# [Data to examine]
lemma sum_eigenvalues_le:
  fixes M :: "real mat"
  assumes M: "M \<in> carrier_mat n n" and us: "orthonormal_basis n us"
    and eig: "\<forall>i<n. M *\<^sub>v us ! i = \<mu> i \<cdot>\<^sub>v us ! i" and c: "0 \<le> c"
    and entries: "\<And>r s. r < n \<Longrightarrow> s < n \<Longrightarrow> 0 \<le> M $$ (r, s) \<and> M $$ (r, s) \<le> 2 * c"
    and I: "I \<subseteq> {..<n}"
  shows "(\<Sum>i\<in>I. \<mu> i) \<le> c * n * (1 + sqrt (card I))"
proof -
  define one :: "real vec" where "one = vec n (\<lambda>_. 1)"
  define N where "N = mat n n (\<lambda>(r, s). M $$ (r, s) - c)"
  have N: "N \<in> carrier_mat n n"
    by (simp add: N_def)
  have \<mu>: "\<mu> i = c * (us ! i \<bullet> one)\<^sup>2 + us ! i \<bullet> (N *\<^sub>v us ! i)" if i: "i < n" for i
  proof -
    have u: "us ! i \<in> carrier_vec n" "us ! i \<bullet> us ! i = 1"
      using us i nth_mem by (auto simp: orthonormal_basis_def orthonormal_vecs_def)
    then have "\<mu> i = us ! i \<bullet> (M *\<^sub>v us ! i)"
      using eig i by simp
    then show ?thesis
      using quadratic_form_shift[OF M u(1)] by (simp add: one_def N_def)
  qed
  have ones: "(\<Sum>i\<in>I. (us ! i \<bullet> one)\<^sup>2) \<le> n"
    using orthonormal_basis_bessel[OF us _ I, of one] by (simp add: one_def scalar_prod_def)
  have "\<bar>N $$ (r, s)\<bar> \<le> c" if "r < n" "s < n" for r s
    using entries[OF that] that by (simp add: N_def abs_le_iff)
  from sum_quadratic_forms_orthonormal_basis_le[OF us N c this I]
  have "(\<Sum>i\<in>I. \<mu> i) \<le> c * (\<Sum>i\<in>I. (us ! i \<bullet> one)\<^sup>2) + sqrt (card I) * (n * c)"
    using I \<mu> by (simp add: sum.distrib sum_distrib_left subset_eq)
  also have "\<dots> \<le> c * n + sqrt (card I) * (n * c)"
    using ones c by (intro add_mono mult_left_mono) auto
  finally show ?thesis
    by (simp add: algebra_simps)
qed

theorem Sk_le_of_entries_between:
  fixes M :: "real mat"
  assumes M: "M \<in> carrier_mat n n" and sym: "M\<^sup>T = M" and c: "0 \<le> c"
    and entries: "\<And>r s. r < n \<Longrightarrow> s < n \<Longrightarrow> 0 \<le> M $$ (r, s) \<and> M $$ (r, s) \<le> 2 * c"
    and k: "k \<le> n"
  shows "Sk k M \<le> c * n * (1 + sqrt k)"
proof -
  obtain us \<mu> where us: "orthonormal_basis n us" and eig: "\<forall>i<n. M *\<^sub>v us ! i = \<mu> i \<cdot>\<^sub>v us ! i"
    using real_symmetric_mat_orthonormal_eigenbasis[OF M sym] by blast
  obtain I where I: "I \<subseteq> {..<n}" "card I = k" "Sk k M = (\<Sum>i\<in>I. \<mu> i)"
    using Sk_eq_sum_over_subset[OF char_poly_orthonormal_eigenbasis[OF M us eig] k] .
  then show ?thesis
    using sum_eigenvalues_le[OF M us eig c entries I(1)] by simp
qed

lemma A_alpha_carrier: "A_alpha \<alpha> n E \<in> carrier_mat n n"
  by (simp add: A_alpha_def deg_matrix_def adj_matrix_def)

lemma index_A_alpha:
  assumes "i < n" "j < n"
  shows "A_alpha \<alpha> n E $$ (i, j) =
    \<alpha> * (if i = j then real (degree n E i) else 0) + (1 - \<alpha>) * (if E i j then 1 else 0)"
  using assms by (simp add: A_alpha_def deg_matrix_def adj_matrix_def)

lemma A_alpha_symmetric:
  assumes "simple_graph n E"
  shows "(A_alpha \<alpha> n E)\<^sup>T = A_alpha \<alpha> n E"
  using assms A_alpha_carrier[of \<alpha> n E]
  by (intro eq_matI) (auto simp: index_A_alpha simple_graph_def)

lemma A_alpha_entries_between:
  assumes G: "simple_graph n E" and \<alpha>: "0 \<le> \<alpha>" "\<alpha> \<le> 1" and ij: "i < n" "j < n"
  shows "0 \<le> A_alpha \<alpha> n E $$ (i, j) \<and>
    A_alpha \<alpha> n E $$ (i, j) \<le> max (\<alpha> * max_degree n E) (1 - \<alpha>)"
proof -
  have "degree n E i \<le> max_degree n E"
    using ij unfolding max_degree_def by (intro Max_ge) auto
  then have "\<alpha> * degree n E i \<le> \<alpha> * max_degree n E"
    using \<alpha> by (intro mult_left_mono) auto
  moreover have "\<not> E i i"
    using G by (simp add: simple_graph_def)
  ultimately show ?thesis
    using \<alpha> ij by (auto simp: index_A_alpha)
qed

lemma Sk_A_alpha_le:
  assumes G: "simple_graph n E" and \<alpha>: "0 \<le> \<alpha>" "\<alpha> \<le> 1" and k: "k \<le> n"
  shows "Sk k (A_alpha \<alpha> n E) \<le> max (\<alpha> * max_degree n E) (1 - \<alpha>) / 2 * n * (1 + sqrt k)"
  using A_alpha_entries_between[OF G \<alpha>] \<alpha> k
  by (intro Sk_le_of_entries_between[OF A_alpha_carrier A_alpha_symmetric[OF G]]) auto
lemma sub_gaussian_sample_mean_mgf_le:
  assumes PZ: "prob_space PZ" and n: "n > 0" and sg: "sub_gaussian PZ X \<sigma>"
  shows "(\<integral>\<^sup>+S. ennreal (exp (u * ((\<integral>z. X z \<partial>PZ) - (1 / real n) * (\<Sum>i<n. X (S i))))) \<partial>PiM {..<n} (\<lambda>_. PZ))
         \<le> ennreal (exp (u\<^sup>2 * \<sigma>\<^sup>2 / (2 * real n)))"
proof -
  interpret product_prob_space "\<lambda>_. PZ" "{..<n}"
    using PZ by (simp add: product_prob_space_def product_prob_space_axioms_def
        product_sigma_finite_def prob_space_imp_sigma_finite)
  have [measurable]: "X \<in> borel_measurable PZ"
    using sg by (auto simp: sub_gaussian_def)
  define m where "m = (\<integral>z. X z \<partial>PZ)"
  define v where "v = - u / real n"
  have "u * (m - (1 / real n) * (\<Sum>i<n. X (S i))) = (\<Sum>i<n. v * (X (S i) - m))" for S
  proof -
    have "(\<Sum>i<n. v * (X (S i) - m)) = v * (\<Sum>i<n. X (S i)) - real n * (v * m)"
      by (simp add: right_diff_distrib sum_subtractf sum_distrib_left[symmetric])
    then show ?thesis using n by (simp add: v_def field_simps)
  qed
  then have "(\<integral>\<^sup>+S. ennreal (exp (u * (m - (1 / real n) * (\<Sum>i<n. X (S i))))) \<partial>PiM {..<n} (\<lambda>_. PZ))
      = (\<integral>\<^sup>+S. (\<Prod>i<n. ennreal (exp (v * (X (S i) - m)))) \<partial>PiM {..<n} (\<lambda>_. PZ))"
    by (intro nn_integral_cong) (simp add: exp_sum prod_ennreal)
  also have "\<dots> = (\<Prod>i<n. \<integral>\<^sup>+z. ennreal (exp (v * (X z - m))) \<partial>PZ)"
    by (rule product_nn_integral_prod) auto
  also have "\<dots> = (\<integral>\<^sup>+z. ennreal (exp (v * (X z - m))) \<partial>PZ) ^ n"
    by simp
  also have "\<dots> \<le> ennreal (exp (v\<^sup>2 * \<sigma>\<^sup>2 / 2)) ^ n"
    by (intro power_mono sub_gaussian_mgf_le[OF sg, of v, folded m_def]) auto
  also have "\<dots> = ennreal (exp (u\<^sup>2 * \<sigma>\<^sup>2 / (2 * real n)))"
  proof -
    have "ennreal (exp (v\<^sup>2 * \<sigma>\<^sup>2 / 2)) ^ n = ennreal (exp (v\<^sup>2 * \<sigma>\<^sup>2 / 2) ^ n)"
      by (simp add: ennreal_power)
    also have "exp (v\<^sup>2 * \<sigma>\<^sup>2 / 2) ^ n = exp (real n * (v\<^sup>2 * \<sigma>\<^sup>2 / 2))"
      by (subst exp_of_nat_mult) simp
    also have "real n * (v\<^sup>2 * \<sigma>\<^sup>2 / 2) = u\<^sup>2 * \<sigma>\<^sup>2 / (2 * real n)"
      using n by (simp add: v_def power2_eq_square field_simps)
    finally show ?thesis .
  qed
  finally show ?thesis unfolding m_def .
qed

lemma Markov_event:
  fixes \<Phi> \<Psi> :: "'s \<Rightarrow> ennreal"
  assumes "prob_space \<Omega>" and [measurable]: "\<Phi> \<in> borel_measurable \<Omega>" "\<Psi> \<in> borel_measurable \<Omega>"
    and \<Phi>: "(\<integral>\<^sup>+S. \<Phi> S \<partial>\<Omega>) \<le> ennreal B" and \<Psi>: "(\<integral>\<^sup>+S. \<Psi> S \<partial>\<Omega>) < \<infinity>"
    and B: "0 < B" and \<epsilon>: "0 < \<epsilon>"
  shows "\<exists>A \<in> sets \<Omega>. 1 - \<epsilon> \<le> measure \<Omega> A \<and> (\<forall>S\<in>A. \<Phi> S \<le> ennreal (B / \<epsilon>) \<and> \<Psi> S < \<infinity>)"
proof -
  interpret prob_space \<Omega> by fact
  define A where "A = {S \<in> space \<Omega>. \<Phi> S \<le> ennreal (B / \<epsilon>) \<and> \<Psi> S < \<infinity>}"
  define E where "E = {S \<in> space \<Omega>. 1 \<le> ennreal (\<epsilon> / B) * \<Phi> S}"
  have [measurable]: "A \<in> sets \<Omega>" "E \<in> sets \<Omega>"
    unfolding A_def E_def by measurable
  have "emeasure \<Omega> E \<le> ennreal (\<epsilon> / B) * (\<integral>\<^sup>+S. \<Phi> S * indicator (space \<Omega>) S \<partial>\<Omega>)"
    unfolding E_def by (rule nn_integral_Markov_inequality) auto
  also have "(\<integral>\<^sup>+S. \<Phi> S * indicator (space \<Omega>) S \<partial>\<Omega>) = (\<integral>\<^sup>+S. \<Phi> S \<partial>\<Omega>)"
    by (intro nn_integral_cong) simp
  also have "ennreal (\<epsilon> / B) * (\<integral>\<^sup>+S. \<Phi> S \<partial>\<Omega>) \<le> ennreal (\<epsilon> / B) * ennreal B"
    by (intro mult_left_mono \<Phi>) simp
  also have "\<dots> = ennreal \<epsilon>"
    using B \<epsilon> by (simp add: ennreal_mult[symmetric])
  finally have E_small: "emeasure \<Omega> E \<le> ennreal \<epsilon>" .
  have "AE S in \<Omega>. \<Psi> S \<noteq> \<infinity>"
    using \<Psi> by (intro nn_integral_PInf_AE) auto
  then have "AE S in \<Omega>. S \<in> space \<Omega> - A \<longrightarrow> S \<in> E"
  proof eventually_elim
    case (elim S)
    show ?case
    proof
      assume S: "S \<in> space \<Omega> - A"
      with elim have "ennreal (B / \<epsilon>) < \<Phi> S"
        by (auto simp: A_def top.not_eq_extremum)
      then have "ennreal (\<epsilon> / B) * ennreal (B / \<epsilon>) \<le> ennreal (\<epsilon> / B) * \<Phi> S"
        by (intro mult_left_mono) auto
      moreover have "ennreal (\<epsilon> / B) * ennreal (B / \<epsilon>) = 1"
        using B \<epsilon> by (simp add: ennreal_mult[symmetric])
      ultimately show "S \<in> E" using S by (simp add: E_def)
    qed
  qed
  then have "emeasure \<Omega> (space \<Omega> - A) \<le> emeasure \<Omega> E"
    by (rule emeasure_mono_AE) simp
  with E_small have "measure \<Omega> (space \<Omega> - A) \<le> \<epsilon>"
    using \<epsilon> by (simp add: emeasure_eq_measure)
  then have "1 - \<epsilon> \<le> measure \<Omega> A"
    using prob_compl[of A] by simp
  then show ?thesis
    using \<open>A \<in> sets \<Omega>\<close> unfolding A_def by blast
qed
(* Let $n\ge 2$. Every equilibrium graph $G$ of $(1,1,\dots,1)$-BG (all $n$ budgets equal to $1$) in the SUM version has connected underlying graph $U(G)$, $U(G)$ has a unique cycle, this cycle has at most $5$ vertices, and every vertex is either on the cycle or adjacent in $U(G)$ to a vertex of the cycle.
   Context: Bounded budget network creation game $(b_1,\dots,b_n)$-BG: $n$ players with integer budgets $0\le b_i\le n-1$. A strategy of player $i$ is a set $S_i\subseteq\{1,\dots,n\}\setminus\{i\}$ with $|S_i|=b_i$; a profile is realized by the directed graph $G$ on $u_1,\dots,u_n$ with an arc $\overrightarrow{u_iu_j}$ iff $j\in S_i$. $U(G)$ is the undirected multigraph obtained by ignoring directions; if both $\overrightarrow{uv}$ and $\overrightarrow{vu}$ are arcs (a brace), $uv$ is a double edge of $U(G)$, regarded as a cycle with 2 vertices. $\operatorname{dist}(u,v)$ is the distance in $U(G)$, defined as $n^2$ between different components. SUM cost: $c_{SUM}(u)=\sum_v\operatorname{dist}(u,v)$. An equilibrium graph in the SUM version is a realization in which no vertex can decrease its SUM cost by changing its own strategy while the others are fixed. *)

theory Defs
  imports Main
begin

definition valid_strategy :: "nat \<Rightarrow> (nat \<Rightarrow> nat) \<Rightarrow> nat \<Rightarrow> nat set \<Rightarrow> bool" where
  "valid_strategy n b i T \<longleftrightarrow> T \<subseteq> {..<n} - {i} \<and> card T = b i"

definition valid_profile :: "nat \<Rightarrow> (nat \<Rightarrow> nat) \<Rightarrow> (nat \<Rightarrow> nat set) \<Rightarrow> bool" where
  "valid_profile n b S \<longleftrightarrow> (\<forall>i<n. valid_strategy n b i (S i))"

definition arcs :: "nat \<Rightarrow> (nat \<Rightarrow> nat set) \<Rightarrow> (nat \<times> nat) set" where
  "arcs n S = {(i, j). i < n \<and> j < n \<and> j \<in> S i}"

definition adj :: "nat \<Rightarrow> (nat \<Rightarrow> nat set) \<Rightarrow> nat \<Rightarrow> nat \<Rightarrow> bool" where
  "adj n S u v \<longleftrightarrow> (u, v) \<in> arcs n S \<or> (v, u) \<in> arcs n S"

definition walk_len :: "nat \<Rightarrow> (nat \<Rightarrow> nat set) \<Rightarrow> nat \<Rightarrow> nat \<Rightarrow> nat \<Rightarrow> bool" where
  "walk_len n S u v k \<longleftrightarrow>
     (\<exists>p :: nat \<Rightarrow> nat. p 0 = u \<and> p k = v \<and> (\<forall>i<k. adj n S (p i) (p (Suc i))))"

definition reachable :: "nat \<Rightarrow> (nat \<Rightarrow> nat set) \<Rightarrow> nat \<Rightarrow> nat \<Rightarrow> bool" where
  "reachable n S u v \<longleftrightarrow> (\<exists>k. walk_len n S u v k)"

text \<open>Distance in U(G); n^2 between different components.\<close>
definition gdist :: "nat \<Rightarrow> (nat \<Rightarrow> nat set) \<Rightarrow> nat \<Rightarrow> nat \<Rightarrow> nat" where
  "gdist n S u v = (if reachable n S u v then (LEAST k. walk_len n S u v k) else n ^ 2)"

definition cost_sum :: "nat \<Rightarrow> (nat \<Rightarrow> nat set) \<Rightarrow> nat \<Rightarrow> nat" where
  "cost_sum n S u = (\<Sum>v<n. gdist n S u v)"

definition sum_equilibrium :: "nat \<Rightarrow> (nat \<Rightarrow> nat) \<Rightarrow> (nat \<Rightarrow> nat set) \<Rightarrow> bool" where
  "sum_equilibrium n b S \<longleftrightarrow> valid_profile n b S \<and>
     (\<forall>i<n. \<forall>T. valid_strategy n b i T \<longrightarrow> cost_sum n S i \<le> cost_sum n (S(i := T)) i)"

definition connected_U :: "nat \<Rightarrow> (nat \<Rightarrow> nat set) \<Rightarrow> bool" where
  "connected_U n S \<longleftrightarrow> (\<forall>u<n. \<forall>v<n. reachable n S u v)"

text \<open>For k = 2 this is exactly a brace (double edge).\<close>
definition is_cycle :: "nat \<Rightarrow> (nat \<Rightarrow> nat set) \<Rightarrow> (nat \<times> nat) set \<Rightarrow> bool" where
  "is_cycle n S C \<longleftrightarrow>
     (\<exists>vs es. length vs \<ge> 2 \<and> length es = length vs \<and> distinct vs \<and> distinct es \<and>
        set es \<subseteq> arcs n S \<and> C = set es \<and>
        (\<forall>m<length vs. es ! m = (vs ! m, vs ! (Suc m mod length vs)) \<or>
                        es ! m = (vs ! (Suc m mod length vs), vs ! m)))"

definition cycle_vertices :: "(nat \<times> nat) set \<Rightarrow> nat set" where
  "cycle_vertices C = fst ` C \<union> snd ` C"

end

theory Submission
  imports Defs
begin

text \<open>With unit budgets every vertex buys exactly one arc, so the realization is the functional
  graph of a map \<open>g\<close> without fixed points, and the cycles of \<open>U(G)\<close> are the cycles of \<open>g\<close>.
  In an equilibrium \<open>U(G)\<close> is connected: a vertex on a cycle that redirects its arc into another
  component still reaches its old component, paying less than \<open>n\<close> extra per vertex there, but
  saves \<open>n\<^sup>2\<close> on the new one. Hence \<open>g\<close> has a single cycle. If a vertex \<open>z\<close> had distance two
  from the cycle, then \<open>z\<close> redirecting to its grandparent \<open>c\<close> and the cycle predecessor of \<open>c\<close>
  redirecting to the parent of \<open>z\<close> could not both be unprofitable: the two equilibrium
  inequalities add up to a contradiction. Finally, if the cycle had length at least six, the
  inequality for a cycle vertex redirecting to its second successor would give
  \<open>s(c\<^sub>2) + s(c\<^sub>3) \<le> s(c\<^sub>1)\<close> for its successors \<open>c\<^sub>1, c\<^sub>2, c\<^sub>3\<close>, where \<open>s(c)\<close> counts \<open>c\<close> and
  the leaves attached to it; this fails for \<open>c\<^sub>2\<close> with \<open>s(c\<^sub>2)\<close> maximal.\<close>

section \<open>Walks and distances\<close>

lemma adj_sym: "adj n S u v \<Longrightarrow> adj n S v u"
  by (auto simp: adj_def)

lemma adj_imp_less: "adj n S u v \<Longrightarrow> u < n \<and> v < n"
  by (auto simp: adj_def arcs_def)

lemma walk_len_intro:
  "p 0 = u \<Longrightarrow> p k = v \<Longrightarrow> (\<forall>i<k. adj n S (p i) (p (Suc i))) \<Longrightarrow> walk_len n S u v k"
  unfolding walk_len_def by blast

lemma walk_len_0_iff: "walk_len n S u v 0 \<longleftrightarrow> u = v"
  unfolding walk_len_def by auto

# [About this task]
Would you please write out, exactly and with no other lines, the stretch of the listing above from the line containing "using sum_eigenvalues_le[OF M" through the line containing "j then real"?

# [Output below]
    using sum_eigenvalues_le[OF M us eig c entries I(1)] by simp
qed

lemma A_alpha_carrier: "A_alpha \<alpha> n E \<in> carrier_mat n n"
  by (simp add: A_alpha_def deg_matrix_def adj_matrix_def)

lemma index_A_alpha:
  assumes "i < n" "j < n"
  shows "A_alpha \<alpha> n E $$ (i, j) =
    \<alpha> * (if i = j then real (degree n E i) else 0) + (1 - \<alpha>) * (if E i j then 1 else 0)"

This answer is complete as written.